- **Your instructions**:
The answer must consist only of the lines from the line with "using assms(1) by (simp add: power_inject_exp)" to the line with "fixes a c v", both included, exactly as they stand below.

-------- Input material

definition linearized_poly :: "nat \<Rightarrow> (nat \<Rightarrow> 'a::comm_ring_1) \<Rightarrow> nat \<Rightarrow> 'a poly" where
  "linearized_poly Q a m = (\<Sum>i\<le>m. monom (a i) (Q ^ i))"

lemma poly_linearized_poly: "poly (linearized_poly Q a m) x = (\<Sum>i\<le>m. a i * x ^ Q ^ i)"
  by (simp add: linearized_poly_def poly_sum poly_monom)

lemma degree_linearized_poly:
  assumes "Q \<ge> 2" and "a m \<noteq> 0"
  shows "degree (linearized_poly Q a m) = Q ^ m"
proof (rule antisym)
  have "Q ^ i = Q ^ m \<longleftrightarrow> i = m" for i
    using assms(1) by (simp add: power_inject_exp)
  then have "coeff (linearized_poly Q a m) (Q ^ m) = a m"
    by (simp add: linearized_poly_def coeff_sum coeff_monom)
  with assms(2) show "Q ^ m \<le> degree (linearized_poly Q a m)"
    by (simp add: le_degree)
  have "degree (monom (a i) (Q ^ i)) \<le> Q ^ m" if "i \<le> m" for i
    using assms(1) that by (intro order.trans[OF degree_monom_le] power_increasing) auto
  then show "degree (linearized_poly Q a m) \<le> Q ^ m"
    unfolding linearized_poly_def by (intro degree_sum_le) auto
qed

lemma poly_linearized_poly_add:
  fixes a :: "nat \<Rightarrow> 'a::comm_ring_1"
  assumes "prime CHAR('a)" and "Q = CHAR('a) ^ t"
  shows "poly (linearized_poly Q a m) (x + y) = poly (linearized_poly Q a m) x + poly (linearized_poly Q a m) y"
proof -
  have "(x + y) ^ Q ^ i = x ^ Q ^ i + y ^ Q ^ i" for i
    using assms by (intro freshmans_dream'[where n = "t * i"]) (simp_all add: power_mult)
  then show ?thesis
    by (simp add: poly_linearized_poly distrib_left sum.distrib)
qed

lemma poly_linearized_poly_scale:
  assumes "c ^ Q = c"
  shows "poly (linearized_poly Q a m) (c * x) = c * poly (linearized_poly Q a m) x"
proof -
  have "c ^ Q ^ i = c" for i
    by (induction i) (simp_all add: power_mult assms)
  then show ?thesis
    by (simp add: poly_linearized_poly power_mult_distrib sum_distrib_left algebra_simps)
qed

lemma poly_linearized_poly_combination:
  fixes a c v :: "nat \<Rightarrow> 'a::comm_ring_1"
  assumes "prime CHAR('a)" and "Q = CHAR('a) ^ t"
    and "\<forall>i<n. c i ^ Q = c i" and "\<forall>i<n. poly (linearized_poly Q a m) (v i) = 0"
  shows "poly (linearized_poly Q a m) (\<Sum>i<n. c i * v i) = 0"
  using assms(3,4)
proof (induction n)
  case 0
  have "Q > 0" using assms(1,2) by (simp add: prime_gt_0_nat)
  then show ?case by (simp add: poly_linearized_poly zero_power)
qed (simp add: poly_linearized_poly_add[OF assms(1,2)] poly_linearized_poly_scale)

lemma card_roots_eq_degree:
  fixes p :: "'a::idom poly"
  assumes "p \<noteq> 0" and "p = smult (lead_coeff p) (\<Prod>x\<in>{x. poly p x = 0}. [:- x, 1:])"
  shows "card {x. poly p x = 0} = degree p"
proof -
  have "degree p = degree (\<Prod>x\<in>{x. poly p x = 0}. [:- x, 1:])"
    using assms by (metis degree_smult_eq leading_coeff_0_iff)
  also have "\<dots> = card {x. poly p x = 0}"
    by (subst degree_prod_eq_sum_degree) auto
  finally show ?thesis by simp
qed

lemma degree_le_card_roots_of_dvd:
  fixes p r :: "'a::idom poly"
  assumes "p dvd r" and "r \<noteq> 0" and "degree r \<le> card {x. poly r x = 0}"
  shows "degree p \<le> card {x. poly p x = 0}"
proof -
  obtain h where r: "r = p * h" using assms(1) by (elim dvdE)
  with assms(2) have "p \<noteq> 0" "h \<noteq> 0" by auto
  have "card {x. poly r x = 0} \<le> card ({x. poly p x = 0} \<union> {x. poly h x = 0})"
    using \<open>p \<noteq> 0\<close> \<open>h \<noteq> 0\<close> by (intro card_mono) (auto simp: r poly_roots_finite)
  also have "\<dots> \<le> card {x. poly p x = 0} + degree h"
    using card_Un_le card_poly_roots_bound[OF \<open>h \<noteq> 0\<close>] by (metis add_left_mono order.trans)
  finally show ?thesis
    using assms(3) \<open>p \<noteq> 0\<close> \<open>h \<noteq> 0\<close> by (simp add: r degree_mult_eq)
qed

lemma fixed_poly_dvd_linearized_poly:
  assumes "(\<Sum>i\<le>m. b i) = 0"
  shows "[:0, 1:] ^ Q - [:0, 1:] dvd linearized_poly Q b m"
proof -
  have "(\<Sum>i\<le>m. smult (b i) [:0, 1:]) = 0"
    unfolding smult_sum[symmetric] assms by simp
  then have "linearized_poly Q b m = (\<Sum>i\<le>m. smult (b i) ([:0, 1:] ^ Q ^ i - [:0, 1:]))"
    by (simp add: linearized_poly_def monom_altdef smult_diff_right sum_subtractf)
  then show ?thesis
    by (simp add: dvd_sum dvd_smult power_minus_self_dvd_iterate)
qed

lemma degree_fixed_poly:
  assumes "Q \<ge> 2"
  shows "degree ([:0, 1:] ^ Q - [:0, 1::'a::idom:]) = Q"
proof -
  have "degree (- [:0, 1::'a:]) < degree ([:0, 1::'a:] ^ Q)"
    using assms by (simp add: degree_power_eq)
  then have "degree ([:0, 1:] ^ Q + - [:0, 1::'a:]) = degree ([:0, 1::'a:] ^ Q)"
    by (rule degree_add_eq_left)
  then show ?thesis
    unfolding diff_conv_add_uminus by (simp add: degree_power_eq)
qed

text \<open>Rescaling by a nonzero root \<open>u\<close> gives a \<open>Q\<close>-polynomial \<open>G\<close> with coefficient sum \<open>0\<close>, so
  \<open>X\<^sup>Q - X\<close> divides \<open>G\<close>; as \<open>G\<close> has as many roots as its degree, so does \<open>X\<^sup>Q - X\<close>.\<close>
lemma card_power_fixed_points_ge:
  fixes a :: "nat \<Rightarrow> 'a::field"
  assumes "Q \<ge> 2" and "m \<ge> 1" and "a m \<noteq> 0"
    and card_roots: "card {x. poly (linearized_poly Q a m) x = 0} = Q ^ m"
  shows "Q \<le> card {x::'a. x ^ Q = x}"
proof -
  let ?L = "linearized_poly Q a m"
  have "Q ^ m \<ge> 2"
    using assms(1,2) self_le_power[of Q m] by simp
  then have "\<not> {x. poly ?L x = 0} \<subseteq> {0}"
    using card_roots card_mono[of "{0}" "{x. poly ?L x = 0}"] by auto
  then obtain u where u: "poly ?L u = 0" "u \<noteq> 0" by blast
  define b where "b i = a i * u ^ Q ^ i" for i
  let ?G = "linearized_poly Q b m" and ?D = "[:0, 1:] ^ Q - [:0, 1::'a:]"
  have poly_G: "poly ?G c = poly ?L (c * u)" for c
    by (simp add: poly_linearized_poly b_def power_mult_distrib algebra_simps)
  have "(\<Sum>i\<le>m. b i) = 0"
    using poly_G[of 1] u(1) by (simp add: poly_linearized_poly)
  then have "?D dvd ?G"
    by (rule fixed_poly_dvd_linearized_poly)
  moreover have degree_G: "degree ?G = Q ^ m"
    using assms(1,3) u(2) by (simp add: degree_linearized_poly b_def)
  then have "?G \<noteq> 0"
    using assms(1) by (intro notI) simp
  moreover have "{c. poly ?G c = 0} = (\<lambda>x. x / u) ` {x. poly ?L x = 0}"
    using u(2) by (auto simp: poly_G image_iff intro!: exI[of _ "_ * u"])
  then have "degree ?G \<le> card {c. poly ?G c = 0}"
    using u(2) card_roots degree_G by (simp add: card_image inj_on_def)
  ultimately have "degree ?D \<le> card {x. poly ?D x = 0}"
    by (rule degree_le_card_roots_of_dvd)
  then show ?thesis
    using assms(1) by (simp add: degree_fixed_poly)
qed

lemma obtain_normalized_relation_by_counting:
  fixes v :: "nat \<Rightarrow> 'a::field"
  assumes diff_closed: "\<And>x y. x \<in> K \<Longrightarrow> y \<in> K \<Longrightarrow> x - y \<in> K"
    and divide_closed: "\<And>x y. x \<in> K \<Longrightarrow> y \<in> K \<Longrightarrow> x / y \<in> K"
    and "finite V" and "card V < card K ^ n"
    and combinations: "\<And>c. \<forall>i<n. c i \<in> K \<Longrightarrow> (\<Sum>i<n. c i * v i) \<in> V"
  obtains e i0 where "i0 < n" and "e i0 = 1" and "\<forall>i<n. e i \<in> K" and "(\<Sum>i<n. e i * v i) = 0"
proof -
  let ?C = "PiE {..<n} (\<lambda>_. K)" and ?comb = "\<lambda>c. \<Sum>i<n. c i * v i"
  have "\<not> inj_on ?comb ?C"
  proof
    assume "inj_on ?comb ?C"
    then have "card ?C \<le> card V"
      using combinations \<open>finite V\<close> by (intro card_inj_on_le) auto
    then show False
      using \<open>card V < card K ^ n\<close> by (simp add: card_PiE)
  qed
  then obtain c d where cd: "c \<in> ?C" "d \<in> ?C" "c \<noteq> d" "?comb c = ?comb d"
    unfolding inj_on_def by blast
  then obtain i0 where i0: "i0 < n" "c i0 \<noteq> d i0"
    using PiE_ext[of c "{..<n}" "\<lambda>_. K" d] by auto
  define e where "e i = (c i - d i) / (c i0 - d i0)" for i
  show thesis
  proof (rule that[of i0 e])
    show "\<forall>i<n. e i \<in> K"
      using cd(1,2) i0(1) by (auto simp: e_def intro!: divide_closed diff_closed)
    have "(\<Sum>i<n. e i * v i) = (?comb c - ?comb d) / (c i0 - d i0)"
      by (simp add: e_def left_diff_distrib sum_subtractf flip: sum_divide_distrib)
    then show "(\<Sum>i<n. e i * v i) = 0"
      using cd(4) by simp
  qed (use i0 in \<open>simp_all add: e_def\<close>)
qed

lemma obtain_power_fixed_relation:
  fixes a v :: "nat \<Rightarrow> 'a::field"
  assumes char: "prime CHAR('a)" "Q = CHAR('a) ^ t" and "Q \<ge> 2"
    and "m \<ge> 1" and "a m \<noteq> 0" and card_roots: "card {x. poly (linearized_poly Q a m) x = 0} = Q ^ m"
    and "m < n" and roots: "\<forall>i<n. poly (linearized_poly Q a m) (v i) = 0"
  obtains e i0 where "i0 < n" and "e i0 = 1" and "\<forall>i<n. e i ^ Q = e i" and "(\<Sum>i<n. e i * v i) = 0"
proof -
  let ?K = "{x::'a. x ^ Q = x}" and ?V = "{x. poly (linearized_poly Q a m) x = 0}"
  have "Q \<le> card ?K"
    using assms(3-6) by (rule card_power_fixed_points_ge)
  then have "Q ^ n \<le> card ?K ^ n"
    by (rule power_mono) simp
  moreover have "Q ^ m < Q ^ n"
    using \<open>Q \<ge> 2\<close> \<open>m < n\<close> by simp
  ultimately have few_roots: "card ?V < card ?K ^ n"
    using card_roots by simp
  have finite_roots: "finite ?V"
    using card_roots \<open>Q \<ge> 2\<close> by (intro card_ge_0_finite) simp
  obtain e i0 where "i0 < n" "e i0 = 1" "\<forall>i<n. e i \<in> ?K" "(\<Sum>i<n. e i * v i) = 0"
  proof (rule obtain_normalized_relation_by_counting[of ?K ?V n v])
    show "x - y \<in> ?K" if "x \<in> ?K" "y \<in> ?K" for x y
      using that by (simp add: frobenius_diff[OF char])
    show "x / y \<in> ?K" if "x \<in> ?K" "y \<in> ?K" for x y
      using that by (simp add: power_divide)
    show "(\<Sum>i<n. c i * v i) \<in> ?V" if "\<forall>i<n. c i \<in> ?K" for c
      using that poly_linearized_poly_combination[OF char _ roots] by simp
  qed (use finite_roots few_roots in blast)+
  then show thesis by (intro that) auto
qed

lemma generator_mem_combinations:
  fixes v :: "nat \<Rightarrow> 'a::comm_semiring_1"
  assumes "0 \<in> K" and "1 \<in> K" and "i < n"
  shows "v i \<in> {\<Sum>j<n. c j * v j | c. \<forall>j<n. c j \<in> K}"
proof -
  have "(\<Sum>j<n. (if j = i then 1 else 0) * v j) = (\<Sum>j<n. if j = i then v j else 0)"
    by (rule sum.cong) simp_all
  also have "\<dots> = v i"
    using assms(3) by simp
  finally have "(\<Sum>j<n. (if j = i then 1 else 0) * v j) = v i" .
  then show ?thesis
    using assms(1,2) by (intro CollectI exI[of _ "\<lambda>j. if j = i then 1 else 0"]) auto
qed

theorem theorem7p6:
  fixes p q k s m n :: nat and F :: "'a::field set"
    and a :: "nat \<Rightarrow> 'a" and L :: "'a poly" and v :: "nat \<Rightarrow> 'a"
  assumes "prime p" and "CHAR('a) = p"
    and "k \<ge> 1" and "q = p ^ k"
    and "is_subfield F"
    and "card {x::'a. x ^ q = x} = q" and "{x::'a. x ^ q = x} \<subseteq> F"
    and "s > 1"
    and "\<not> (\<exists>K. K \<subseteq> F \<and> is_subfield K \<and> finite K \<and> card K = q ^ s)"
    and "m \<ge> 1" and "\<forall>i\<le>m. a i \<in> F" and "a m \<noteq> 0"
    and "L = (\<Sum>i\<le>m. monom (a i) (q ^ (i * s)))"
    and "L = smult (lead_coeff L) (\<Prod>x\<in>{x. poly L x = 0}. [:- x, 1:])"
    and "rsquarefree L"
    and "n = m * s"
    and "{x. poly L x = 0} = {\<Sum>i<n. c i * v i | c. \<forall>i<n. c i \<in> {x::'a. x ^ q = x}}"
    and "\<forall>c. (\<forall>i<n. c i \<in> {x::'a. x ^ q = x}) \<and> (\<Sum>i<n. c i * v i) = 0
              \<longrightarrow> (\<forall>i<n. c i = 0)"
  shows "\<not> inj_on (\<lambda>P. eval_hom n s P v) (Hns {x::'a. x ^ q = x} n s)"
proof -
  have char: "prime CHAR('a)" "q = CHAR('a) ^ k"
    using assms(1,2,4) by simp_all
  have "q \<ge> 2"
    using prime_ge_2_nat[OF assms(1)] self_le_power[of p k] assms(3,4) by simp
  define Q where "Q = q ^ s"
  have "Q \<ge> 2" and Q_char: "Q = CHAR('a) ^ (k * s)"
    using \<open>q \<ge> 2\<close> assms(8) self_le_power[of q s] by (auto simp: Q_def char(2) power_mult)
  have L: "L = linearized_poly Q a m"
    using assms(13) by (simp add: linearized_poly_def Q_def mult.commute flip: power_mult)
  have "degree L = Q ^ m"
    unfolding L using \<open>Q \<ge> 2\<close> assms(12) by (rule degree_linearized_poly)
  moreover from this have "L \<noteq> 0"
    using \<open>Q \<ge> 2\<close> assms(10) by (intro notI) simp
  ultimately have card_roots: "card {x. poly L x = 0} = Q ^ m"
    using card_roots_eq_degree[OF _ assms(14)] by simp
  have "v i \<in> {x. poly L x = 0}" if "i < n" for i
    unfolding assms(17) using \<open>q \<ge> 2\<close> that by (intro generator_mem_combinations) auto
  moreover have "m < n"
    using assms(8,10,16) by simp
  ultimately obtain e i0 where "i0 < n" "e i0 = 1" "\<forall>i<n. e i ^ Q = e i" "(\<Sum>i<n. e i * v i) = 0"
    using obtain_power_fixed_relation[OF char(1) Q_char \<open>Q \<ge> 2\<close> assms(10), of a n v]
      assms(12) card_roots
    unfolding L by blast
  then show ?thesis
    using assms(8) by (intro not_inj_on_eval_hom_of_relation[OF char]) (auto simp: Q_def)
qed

----------------

- **Result**:
    using assms(1) by (simp add: power_inject_exp)
  then have "coeff (linearized_poly Q a m) (Q ^ m) = a m"
    by (simp add: linearized_poly_def coeff_sum coeff_monom)
  with assms(2) show "Q ^ m \<le> degree (linearized_poly Q a m)"
    by (simp add: le_degree)
  have "degree (monom (a i) (Q ^ i)) \<le> Q ^ m" if "i \<le> m" for i
    using assms(1) that by (intro order.trans[OF degree_monom_le] power_increasing) auto
  then show "degree (linearized_poly Q a m) \<le> Q ^ m"
    unfolding linearized_poly_def by (intro degree_sum_le) auto
qed

lemma poly_linearized_poly_add:
  fixes a :: "nat \<Rightarrow> 'a::comm_ring_1"
  assumes "prime CHAR('a)" and "Q = CHAR('a) ^ t"
  shows "poly (linearized_poly Q a m) (x + y) = poly (linearized_poly Q a m) x + poly (linearized_poly Q a m) y"
proof -
  have "(x + y) ^ Q ^ i = x ^ Q ^ i + y ^ Q ^ i" for i
    using assms by (intro freshmans_dream'[where n = "t * i"]) (simp_all add: power_mult)
  then show ?thesis
    by (simp add: poly_linearized_poly distrib_left sum.distrib)
qed

lemma poly_linearized_poly_scale:
  assumes "c ^ Q = c"
  shows "poly (linearized_poly Q a m) (c * x) = c * poly (linearized_poly Q a m) x"
proof -
  have "c ^ Q ^ i = c" for i
    by (induction i) (simp_all add: power_mult assms)
  then show ?thesis
    by (simp add: poly_linearized_poly power_mult_distrib sum_distrib_left algebra_simps)
qed

lemma poly_linearized_poly_combination:
  fixes a c v :: "nat \<Rightarrow> 'a::comm_ring_1"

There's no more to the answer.